◆ Entries taken from a collection ◆
★ ★ ★ ★

lemma vector_deriv_tendsto_at_bot_eq_0:
  fixes f g :: "real \<Rightarrow> 'a::real_inner"
  assumes der: "\<forall>t\<le>0. (f has_vector_derivative g t) (at t within {..0})"
    and g: "(g \<longlongrightarrow> c) at_bot" and f: "(f \<longlongrightarrow> l) at_bot"
  shows "c = 0"
proof -
  have "- c = 0"
  proof (rule vector_deriv_tendsto_at_top_eq_0)
    show "\<forall>t\<ge>0. ((\<lambda>t. f (- t)) has_vector_derivative - g (- t)) (at t within {0..})"
    proof (intro allI impI)
      fix t :: real assume "t \<ge> 0"
      have d1: "(uminus has_vector_derivative (-1)) (at t within {0..})"
        by (auto intro!: derivative_eq_intros)
      have "(f has_vector_derivative g (-t)) (at (-t) within {..0})"
        using der \<open>t \<ge> 0\<close> by simp
      then have d2: "(f has_vector_derivative g (-t)) (at (-t) within uminus ` {0..})"
        by (rule has_vector_derivative_within_subset) auto
      show "((\<lambda>t. f (- t)) has_vector_derivative - g (- t)) (at t within {0..})"
        using vector_diff_chain_within[OF d1 d2] by (simp add: o_def)
    qed
    show "((\<lambda>t. - g (- t)) \<longlongrightarrow> - c) at_top"
      by (intro tendsto_minus filterlim_compose[OF g] filterlim_uminus_at_bot_at_top)
    show "((\<lambda>t. f (- t)) \<longlongrightarrow> l) at_top"
      by (intro filterlim_compose[OF f] filterlim_uminus_at_bot_at_top)
  qed
  then show ?thesis by simp
qed

section \<open>Coordinates of multilinear maps\<close>

lemma bounded_linear_axis: "bounded_linear (axis i :: 'a::euclidean_space \<Rightarrow> 'a^'n::finite)"
proof (rule bounded_linear_intro[where K=1])
  fix x y :: 'a and r :: real
  show "axis i (x + y) = (axis i x + axis i y :: 'a^'n)" by (simp add: axis_def vec_eq_iff)
  show "axis i (r *\<^sub>R x) = (r *\<^sub>R axis i x :: 'a^'n)" by (simp add: axis_def vec_eq_iff)
  show "norm (axis i x :: 'a^'n) \<le> norm x * 1" by (simp add: norm_eq_sqrt_inner inner_axis_axis)
qed

lemma has_vector_derivative_vec_lambda:
  fixes f :: "real \<Rightarrow> 'n::finite \<Rightarrow> 'a::euclidean_space"
  assumes "\<And>i. ((\<lambda>s. f s i) has_vector_derivative f' i) F"
  shows "((\<lambda>s. \<chi> i. f s i) has_vector_derivative (\<chi> i. f' i)) F"
proof -
  have "(\<chi> i. w i) = (\<Sum>i\<in>UNIV. axis i (w i) :: 'a^'n)" for w
    by (simp add: vec_eq_iff sum_component axis_def)
  then show ?thesis
    by (simp only:) (intro has_vector_derivative_sum bounded_linear.has_vector_derivative[OF bounded_linear_axis] assms)
qed

text \<open>Bilinear and trilinear maps on \<open>real^'n\<close> are identified with their coefficient arrays, so that
  linear ODEs for them can be treated in a Euclidean space.\<close>

definition coords2 :: "'n::finite brkt \<Rightarrow> real^'n^'n^'n" where
  "coords2 f = (\<chi> i j. f (axis i 1) (axis j 1))"

definition of_coords2 :: "real^'n^'n^'n \<Rightarrow> 'n::finite brkt" where
  "of_coords2 v X Y = (\<Sum>i\<in>UNIV. \<Sum>j\<in>UNIV. (X$i * Y$j) *\<^sub>R (v$i$j))"

lemma of_coords2_coords2: "bilinear f \<Longrightarrow> of_coords2 (coords2 f) = f"
  by (simp add: fun_eq_iff of_coords2_def coords2_def bilinear_axis_expansion[symmetric])

lemma bilinear_of_coords2: "bilinear (of_coords2 v)"
  unfolding bilinear_def of_coords2_def
  by (auto intro!: linearI simp: sum.distrib scaleR_sum_right algebra_simps scaleR_add_left)

lemma of_coords2_add: "of_coords2 (v + w) = (\<lambda>X Y. of_coords2 v X Y + of_coords2 w X Y)"
  by (simp add: fun_eq_iff of_coords2_def sum.distrib scaleR_add_right)

lemma of_coords2_scale: "of_coords2 (c *\<^sub>R v) = (\<lambda>X Y. c *\<^sub>R of_coords2 v X Y)"
  by (simp add: fun_eq_iff of_coords2_def scaleR_sum_right mult_ac)

lemma coords2_eq_0:
  assumes "coords2 f = 0" "bilinear f"
  shows "f X Y = 0"
proof -
  have "f X Y = of_coords2 (coords2 f) X Y" by (simp add: of_coords2_coords2[OF assms(2)])
  then show ?thesis by (simp add: assms(1) of_coords2_def)
qed

lemma has_vector_derivative_coords2:
  "(\<And>X Y. ((\<lambda>s. f s X Y) has_vector_derivative f' X Y) F) \<Longrightarrow>
    ((\<lambda>s. coords2 (f s)) has_vector_derivative coords2 f') F"
  unfolding coords2_def by (intro has_vector_derivative_vec_lambda)

lemma tendsto_coords2:
  "(\<And>X Y. ((\<lambda>s. f s X Y) \<longlongrightarrow> f0 X Y) F) \<Longrightarrow> ((\<lambda>s. coords2 (f s)) \<longlongrightarrow> coords2 f0) F"
  unfolding coords2_def by (intro tendsto_vec_lambda)

lemma linear_coords2_comp:
  assumes "\<And>v w. G (v + w) = (\<lambda>X Y. G v X Y + G w X Y)" "\<And>c v. G (c *\<^sub>R v) = (\<lambda>X Y. c *\<^sub>R G v X Y)"
  shows "linear (\<lambda>v. coords2 (G v))"
  by (rule linearI) (simp_all add: coords2_def vec_eq_iff assms)
(* Let $d\ge 2$ and let $P\subset\mathbb{R}^d$ be a generic convex simplicial $d$-dimensional polytope. Then there exist at least two Delaunay BM-ears and at least two upper Delaunay BM-ears of $P$.
   Context: $P$ is generic if no $d+2$ of its vertices lie on a common $(d-1)$-dimensional sphere and $P$ is not a $d$-simplex. Let $V$ be the vertex set of $P$ and $f:\mathbb{R}^d\to\mathbb{R}^{d+1}$, $f(x_1,\dots,x_d)=(x_1,\dots,x_d,x_1^2+\dots+x_d^2)$. Let $P'$ be the convex hull of $f(V)$; it is a $(d+1)$-dimensional simplicial polytope with vertex set $f(V)$, and no facet of $P'$ has an outer normal with zero last coordinate. A facet of $P'$ is lower if its outer normal has negative last coordinate and upper if it is positive. The orthogonal projections (forgetting the last coordinate) of the lower facets form the Delaunay triangulation $DT(P)$ of $P$ (the simplices with vertices in $V$ whose circumsphere has no vertex of $P$ inside), and those of the upper facets form the upper Delaunay triangulation $UDT(P)$ (simplices whose circumsphere has all other vertices of $P$ inside). A facet $F$ of $P'$ is visible from a point $A$ if $A$ and $P'$ lie in opposite open half-spaces of the hyperplane $\mathrm{aff}(F)$. A simplex of $DT(P)$ is a Delaunay BM-ear if it is the projection of a lower facet $F$ of $P'$ that is the last facet of a Bruggesser–Mani shelling of the complex of lower facets, i.e. there exist a point $A\in\mathbb{R}^{d+1}$ from which exactly the lower facets of $P'$ are visible and a point $O$ in the interior of $P'$ such that the segment $OA$ meets the hyperplanes spanned by the lower facets in distinct points and $\mathrm{aff}(F)$ is the last of them met when moving from $O$ to $A$. Upper Delaunay BM-ears are defined in the same way using upper facets, $UDT(P)$, and points $A$ from which exactly the upper facets of $P'$ are visible. *)

theory Defs
  imports "HOL-Analysis.Analysis"
begin

definition vertices :: "'a::euclidean_space set \<Rightarrow> 'a set" where
  "vertices P = {v. v extreme_point_of P}"
theorem theorem4:
  fixes G :: "real set" and op :: "real \<Rightarrow> real \<Rightarrow> real"
    and n :: nat and A :: "nat \<Rightarrow> nat \<Rightarrow> real \<times> real"
  assumes "continuous_alo_group G op"
    and "open G" and "is_interval G" and "G \<noteq> {}"
    and "is_IPCM G n A"
    and "G_reciprocal G op n A"
  shows "(G_consistent op n A \<longleftrightarrow>
           (\<forall>i<n. \<forall>j<n. \<forall>k<n.
              op (fst (A i k)) (snd (A i k)) =
              op (op (op (fst (A i j)) (snd (A i j))) (fst (A j k))) (snd (A j k))))
       \<and> (G_consistent op n A \<longleftrightarrow>
           (\<forall>i j k. i < j \<and> j < k \<and> k < n \<longrightarrow>
              op (fst (A i k)) (snd (A i k)) =
              op (op (op (fst (A i j)) (snd (A i j))) (fst (A j k))) (snd (A j k))))"
proof -
  interpret interval_reciprocal_IPCM G op n A
    using assms(1,3,5,6) unfolding continuous_alo_group_def
    by unfold_locales simp_all
  show ?thesis
    using G_consistent_iff G_consistent_iff_increasing by blast
qed

end
(* Let $\mathbb{S}=(\mathsf{S},\mu,\eta)$ be a Cartesian $k$-differential monad on a Cartesian $k$-differential category $\mathbb{X}$. Let $\mathsf{DIFF}[\mathsf{EM}(\mathbb{S})]$ be the full subcategory of $\mathsf{EM}(\mathbb{S})$ on the $\mathbb{S}$-algebras $(A,\alpha)$ with $\alpha$ $\mathsf{D}$-linear (equivalently, the differential objects of $\mathsf{EM}(\mathbb{S})$). Then $\mathsf{DIFF}[\mathsf{EM}(\mathbb{S})]$ is a Cartesian $k$-differential category, with products as in $\mathsf{EM}(\mathbb{S})$ and with the $k$-module structure on hom-sets and the differential combinator computed in $\mathbb{X}$, such that the forgetful functor $\mathsf{DIFF}[\mathsf{EM}(\mathbb{S})]\to\mathbb{X}$ is a strict Cartesian $k$-differential functor. In particular, if $\alpha$ and $\beta$ are $\mathsf{D}$-linear $\mathbb{S}$-algebra structures on $A$ and $B$, then for every $\mathbb{S}$-algebra morphism $f:(A,\alpha)\to(B,\beta)$, the derivative $\mathsf{D}[f]$ is an $\mathbb{S}$-algebra morphism $(A\times A,(\alpha\times\alpha)\circ\omega_{A,A})\to(B,\beta)$.
   Context: Fix a commutative semiring $k$. A left $k$-linear category is a category $\mathbb{X}$ in which each hom-set $\mathbb{X}(A,B)$ is a $k$-module (scalar multiplication $r\cdot f$, addition $+$, zero $0$) such that precomposition is $k$-linear: $(r\cdot f+s\cdot g)\circ x=r\cdot(f\circ x)+s\cdot(g\circ x)$. A map $f$ is $k$-linear if $f\circ(r\cdot x+s\cdot y)=r\cdot(f\circ x)+s\cdot(f\circ y)$ for all suitable $x,y$ and $r,s\in k$. A Cartesian left $k$-linear category is a left $k$-linear category with finite products (terminal object $\ast$, projections $\pi_j:A_1\times\cdots\times A_n\to A_j$, pairing $\langle-,\dots,-\rangle$) in which all projections are $k$-linear. A Cartesian $k$-differential category is a Cartesian left $k$-linear category equipped with a differential combinator $\mathsf{D}$ assigning to each $f:A\to B$ a map $\mathsf{D}[f]:A\times A\to B$ such that: [CD.1] $\mathsf{D}[r\cdot f+s\cdot g]=r\cdot\mathsf{D}[f]+s\cdot\mathsf{D}[g]$; [CD.2] $\mathsf{D}[f]\circ\langle\pi_1,r\cdot\pi_2+s\cdot\pi_3\rangle=r\cdot(\mathsf{D}[f]\circ\langle\pi_1,\pi_2\rangle)+s\cdot(\mathsf{D}[f]\circ\langle\pi_1,\pi_3\rangle)$ (as maps $A\times A\times A\to B$); [CD.3] $\mathsf{D}[1_A]=\pi_2$ and, for $\pi_j:A_1\times\cdots\times A_n\to A_j$, $\mathsf{D}[\pi_j]=\pi_{n+j}$; [CD.4] $\mathsf{D}[\langle f_1,\dots,f_n\rangle]=\langle\mathsf{D}[f_1],\dots,\mathsf{D}[f_n]\rangle$; [CD.5] $\mathsf{D}[g\circ f]=\mathsf{D}[g]\circ\langle f\circ\pi_1,\mathsf{D}[f]\rangle$; [CD.6] $\mathsf{D}[\mathsf{D}[f]]\circ\langle\pi_1,0,0,\pi_2\rangle=\mathsf{D}[f]$; [CD.7] $\mathsf{D}[\mathsf{D}[f]]\circ\langle\pi_1,\pi_2,\pi_3,\pi_4\rangle=\mathsf{D}[\mathsf{D}[f]]\circ\langle\pi_1,\pi_3,\pi_2,\pi_4\rangle$ (identifying $(A\times A)\times(A\times A)$ with $A\times A\times A\times A$). A map $f$ is $\mathsf{D}$-linear if $\mathsf{D}[f]=f\circ\pi_2$. For Cartesian left $k$-linear categories $\mathbb{X},\mathbb{Y}$, a strong Cartesian $k$-linear functor is a functor $\mathsf{F}:\mathbb{X}\to\mathbb{Y}$ such that $\mathsf{F}(\ast)\to\ast$ is an isomorphism, the canonical maps $\omega_{A_1,\dots,A_n}=\langle\mathsf{F}(\pi_1),\dots,\mathsf{F}(\pi_n)\rangle:\mathsf{F}(A_1\times\cdots\times A_n)\to\mathsf{F}(A_1)\times\cdots\times\mathsf{F}(A_n)$ are isomorphisms, and $\mathsf{F}(r\cdot f+s\cdot g)=r\cdot\mathsf{F}(f)+s\cdot\mathsf{F}(g)$. It is strict if moreover $\omega$ is the identity. For Cartesian $k$-differential categories, a strong Cartesian $k$-differential functor is a strong Cartesian $k$-linear functor with $\mathsf{D}[\mathsf{F}(f)]=\mathsf{F}(\mathsf{D}[f])\circ\omega^{-1}_{A,A}$ for all $f:A\to B$; a strict Cartesian $k$-differential functor is a strict Cartesian $k$-linear functor with $\mathsf{D}[\mathsf{F}(f)]=\mathsf{F}(\mathsf{D}[f])$. A Cartesian $k$-differential monad on a Cartesian $k$-differential category $\mathbb{X}$ is a monad $\mathbb{S}=(\mathsf{S},\mu,\eta)$ on $\mathbb{X}$ such that $\mathsf{S}$ is a strong Cartesian $k$-differential functor and every $\eta_A$ and $\mu_A$ is $\mathsf{D}$-linear. $\mathsf{EM}(\mathbb{S})$ is the category of $\mathbb{S}$-algebras $(A,\alpha)$, $\alpha:\mathsf{S}(A)\to A$ with $\alpha\circ\mu_A=\alpha\circ\mathsf{S}(\alpha)$ and $\alpha\circ\eta_A=1_A$, and algebra morphisms $f:(A,\alpha)\to(B,\beta)$, i.e. $\beta\circ\mathsf{S}(f)=f\circ\alpha$. It has finite products $(A,\alpha)\times(B,\beta)=(A\times B,(\alpha\times\beta)\circ\omega_{A,B})$ and terminal object $(\ast,0)$. *)

theory Defs
  imports Main
begin
lemma theta_maximal_swap:
  assumes "theta_maximal \<theta> mu V W E"
  shows "theta_maximal \<theta> mu W V (prod.swap ` E)"
  unfolding theta_maximal_def
proof (intro allI impI)
  fix W' V' E' assume "is_subgraph W' V' E' W V (prod.swap ` E)"
  then have "is_subgraph V' W' (prod.swap ` E') V W E"
    by (auto simp: is_subgraph_def)
  then have "mu_theta \<theta> mu V' W' (prod.swap ` E') \<le> mu_theta \<theta> mu V W E"
    using assms by (auto simp: theta_maximal_def)
  then show "mu_theta \<theta> mu W' V' E' \<le> mu_theta \<theta> mu W V (prod.swap ` E)"
    using mu_theta_swap[of \<theta> mu V' W' "prod.swap ` E'"] by (simp add: image_image mu_theta_swap)
qed

lemma wbg_mu_pos: "wbg mu V W E \<Longrightarrow> x \<in> V \<union> W \<Longrightarrow> 0 < mu x"
  by (auto simp: wbg_def)

lemma wbg_emeas_pos:
  assumes "wbg mu V W E" "E \<noteq> {}"
  shows "0 < emeas mu E"
proof -
  have "finite E" "E \<subseteq> V \<times> W"
    using assms(1) by (auto simp: wbg_def intro: finite_subset)
  then show ?thesis
    unfolding emeas_def using assms wbg_mu_pos[OF assms(1)] by (intro sum_pos) auto
qed

lemma theta_maximal_incident_edges_right:
  assumes "1 < \<theta>" "wbg mu V W E" "theta_maximal \<theta> mu V W E" "S \<subseteq> W"
  shows "(1 - 1/\<theta>) * emeas mu E * wmeas mu S \<le> wmeas mu W * emeas mu (E \<inter> V \<times> S)"
proof -
  from assms(2) have fin: "finite V" "finite W" and E: "E \<subseteq> V \<times> W"
    by (auto simp: wbg_def)
  have mu: "\<And>x. x \<in> V \<union> W \<Longrightarrow> 0 \<le> mu x"
    using wbg_mu_pos[OF assms(2)] by (simp add: less_imp_le)
  let ?E1 = "E - V \<times> S"
  have E1: "?E1 \<subseteq> V \<times> (W - S)" using E by auto
  have "is_subgraph V (W - S) ?E1 V W E"
    using E1 by (auto simp: is_subgraph_def)
  then have "mu_theta \<theta> mu V (W - S) ?E1 \<le> mu_theta \<theta> mu V W E"
    using assms(3) by (simp add: theta_maximal_def)
  moreover have "mu_theta \<theta> mu V (W - S) ?E1
      = emeas mu ?E1 powr \<theta> * (wmeas mu V * wmeas mu (W - S)) powr (1 - \<theta>)"
    by (rule mu_theta_eq[OF E1]) (use mu in auto)
  ultimately have mass_le: "emeas mu ?E1 powr \<theta> * (wmeas mu V * wmeas mu (W - S)) powr (1 - \<theta>)
      \<le> emeas mu E powr \<theta> * (wmeas mu V * wmeas mu W) powr (1 - \<theta>)"
    using mu_theta_eq[OF E mu] by simp
  have "finite E" using E fin finite_subset by blast
  moreover have "?E1 = E - E \<inter> V \<times> S" by blast
  ultimately have e1: "emeas mu ?E1 = emeas mu E - emeas mu (E \<inter> V \<times> S)"
    by (simp add: emeas_diff)
  have b1: "wmeas mu (W - S) = wmeas mu W - wmeas mu S"
    using fin(2) assms(4) by (rule wmeas_diff)
  have "(1 - 1/\<theta>) * emeas mu E * (wmeas mu W - wmeas mu (W - S))
      \<le> wmeas mu W * (emeas mu E - emeas mu ?E1)"
  proof (rule edge_loss_lower_bound[OF assms(1) _ _ _ _ _ mass_le])
    show "0 \<le> wmeas mu (W - S)" "0 \<le> emeas mu ?E1" "0 \<le> emeas mu E"
      using mu E1 E by (auto intro: wmeas_nonneg emeas_nonneg)
    show "wmeas mu (W - S) \<le> wmeas mu W"
      using fin mu by (intro wmeas_mono) auto
    show "emeas mu ?E1 \<le> wmeas mu V * wmeas mu (W - S)"
      using fin E1 mu by (intro emeas_le_wmeas_mult) auto
  qed
  then show ?thesis by (simp add: e1 b1)
qed
text \<open>\<open>B_r[s; m; j | w]\<close>; the empty product gives \<open>B_0 = 1\<close>.\<close>
definition B :: "nat \<Rightarrow> (nat \<Rightarrow> int) \<Rightarrow> (nat \<Rightarrow> nat) \<Rightarrow> (nat \<Rightarrow> nat) \<Rightarrow> (nat \<Rightarrow> complex) \<Rightarrow> complex" where
  "B r s m j w = infsum (\<lambda>k. \<Prod>i=1..r. w i powi (- int (k!(i-1)))
        * of_nat (k!(i-1) + j i) powi (- s i)) (Bidx r m)"

definition Laidx :: "nat \<Rightarrow> nat list set" where
  "Laidx N = {k. length k = N \<and> (\<forall>i<N. 1 \<le> k!i) \<and> (\<forall>i. i + 1 < N \<longrightarrow> k!(i+1) \<le> k!i)}"

definition La :: "nat \<Rightarrow> (nat \<Rightarrow> int) \<Rightarrow> (nat \<Rightarrow> complex) \<Rightarrow> complex" where
  "La N s w = infsum (\<lambda>k. \<Prod>i=1..N. w i ^ (k!(i-1)) * of_nat (k!(i-1)) powi (- s i)) (Laidx N)"

text \<open>\<open>Q_{N,p}(K; z_p,...,z_N)\<close>: finite sum over \<open>K \<ge> k_p \<ge> ... \<ge> k_N \<ge> 1\<close>,
  with \<open>k_i = k!(i-p)\<close>.  For \<open>p = N+1\<close> this is 1, and for \<open>p \<le> N\<close>, \<open>K = 0\<close> it is 0.\<close>
definition Qidx :: "nat \<Rightarrow> nat \<Rightarrow> nat list set" where
  "Qidx n K = {k. length k = n \<and> (\<forall>i<n. 1 \<le> k!i \<and> k!i \<le> K) \<and> (\<forall>i. i + 1 < n \<longrightarrow> k!(i+1) \<le> k!i)}"

definition Q :: "nat \<Rightarrow> nat \<Rightarrow> (nat \<Rightarrow> int) \<Rightarrow> (nat \<Rightarrow> complex) \<Rightarrow> nat \<Rightarrow> complex" where
  "Q N p s z K = (\<Sum>k\<in>Qidx (N + 1 - p) K. \<Prod>i=p..N. z i powi (- int (k!(i-p)))
        * of_nat (k!(i-p)) powi (- s i))"

definition R :: "nat \<Rightarrow> nat \<Rightarrow> (nat \<Rightarrow> int) \<Rightarrow> (nat \<Rightarrow> nat) \<Rightarrow> (nat \<Rightarrow> nat) \<Rightarrow> (nat \<Rightarrow> complex) \<Rightarrow> nat \<Rightarrow> complex" where
  "R N p s m j z K = infsum (\<lambda>k.
        (\<Prod>i=1..p-2. z i powi (- int (k!(i-1))))
      * (z (p-1) * z p) powi (- int (k!(p-2)))
      * (\<Prod>i=1..p-1. of_nat (k!(i-1) + j i) powi (- s i))
      * of_nat (k!(p-2) + K) powi (- s p)
      * Q N (p+1) s z (k!(p-2) + K)) (Bidx (p-1) m)"
(* Let $f$, $X_n$, $X$, $Y$ be as in the context and let $n\geq 2$ (equivalently $f(n)\geq 2$). Every finite subgraph $\Gamma$ of $X$ with $|V\Gamma|\leq |VX_n|=(2^{2^{2n}}f(n)+1)f(n)$ admits a coarse $f(n)$-wiring into $Y$ of volume at most $2|VX_n|$. Hence \[ \mathrm{wir}^{f(n)}_{X\to Y}\big(|VX_n|\big)\leq 2|VX_n|. \]
   Context: Fix a function $f:\mathbb{N}\to\mathbb{N}$ (with $\mathbb{N}=\{1,2,\dots\}$) that is surjective, satisfies $f(1)=1$, $2\leq f(n)\leq n$ for all $n\geq 2$, and $|f^{-1}(k)|=\infty$ for every $k\geq 2$. For $n\in\mathbb{N}$ let $X_n$ be the graph with vertex set $\{0,1,\dots,f(n)-1\}\times\{0,1,\dots,2^{2^{2n}}f(n)\}$, with edges $(i,j)(i,j+1)$ for all $0\leq i\leq f(n)-1$, $0\leq j\leq 2^{2^{2n}}f(n)-1$, and $(i,j)(i+1,j)$ for all $0\leq i\leq f(n)-2$ and all $j$ that are multiples of $2^{2^{2n}}$. Let $Y_n$ be defined in the same way with $2^{2^{2n}}$ replaced everywhere by $2^{2^{2n+1}}$. Let $X=\bigsqcup_{n\geq1}X_n$ and $Y=\bigsqcup_{n\geq 1}Y_n$ (disjoint unions). A wiring of a finite graph $\Gamma$ into a graph $Y$ is a continuous map $g:\Gamma\to Y$ sending vertices to vertices and each edge onto a union of edges (a path between the images of its endpoints, or a single vertex if these coincide). It is a coarse $k$-wiring if each vertex of $Y$ has at most $k$ preimage vertices and each edge of $Y$ is contained in the images of at most $k$ edges of $\Gamma$. Its volume is the number of vertices in its image. $\mathrm{wir}^k(\Gamma\to Y)$ is the minimal volume of a coarse $k$-wiring ($+\infty$ if none), and $\mathrm{wir}^k_{X\to Y}(n)=\max\{\mathrm{wir}^k(\Gamma\to Y):\Gamma\subseteq X,\ |V\Gamma|\leq n\}$. *)

theory Defs
  imports Main "HOL-Library.Extended_Nat"
begin

text \<open>Graphs are pairs (V, E) with V a vertex set and E a set of undirected edges,
  each edge being a two-element set of vertices.\<close>

type_synonym 'v graph = "'v set \<times> 'v set set"

definition ladderV :: "(nat \<Rightarrow> nat) \<Rightarrow> nat \<Rightarrow> nat \<Rightarrow> (nat \<times> nat \<times> nat) set" where
  "ladderV f L n = {(n, i, j) | i j. i < f n \<and> j \<le> L * f n}"

definition ladderE :: "(nat \<Rightarrow> nat) \<Rightarrow> nat \<Rightarrow> nat \<Rightarrow> (nat \<times> nat \<times> nat) set set" where
  "ladderE f L n =
     {{(n, i, j), (n, i, j + 1)} | i j. i < f n \<and> j < L * f n}
   \<union> {{(n, i, j), (n, i + 1, j)} | i j. i + 1 < f n \<and> j \<le> L * f n \<and> L dvd j}"

definition XnV :: "(nat \<Rightarrow> nat) \<Rightarrow> nat \<Rightarrow> (nat \<times> nat \<times> nat) set" where
  "XnV f n = ladderV f (2 ^ (2 ^ (2 * n))) n"
definition XnE :: "(nat \<Rightarrow> nat) \<Rightarrow> nat \<Rightarrow> (nat \<times> nat \<times> nat) set set" where
  "XnE f n = ladderE f (2 ^ (2 ^ (2 * n))) n"
definition YnV :: "(nat \<Rightarrow> nat) \<Rightarrow> nat \<Rightarrow> (nat \<times> nat \<times> nat) set" where
  "YnV f n = ladderV f (2 ^ (2 ^ (2 * n + 1))) n"
definition YnE :: "(nat \<Rightarrow> nat) \<Rightarrow> nat \<Rightarrow> (nat \<times> nat \<times> nat) set set" where
  "YnE f n = ladderE f (2 ^ (2 ^ (2 * n + 1))) n"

★ ★ ★ ★

◆ Task to carry out ◆
Match on "infsum": copy every line in the records that has it.

◆ Result of the task ◆
  "B r s m j w = infsum (\<lambda>k. \<Prod>i=1..r. w i powi (- int (k!(i-1)))
  "La N s w = infsum (\<lambda>k. \<Prod>i=1..N. w i ^ (k!(i-1)) * of_nat (k!(i-1)) powi (- s i)) (Laidx N)"
  "R N p s m j z K = infsum (\<lambda>k.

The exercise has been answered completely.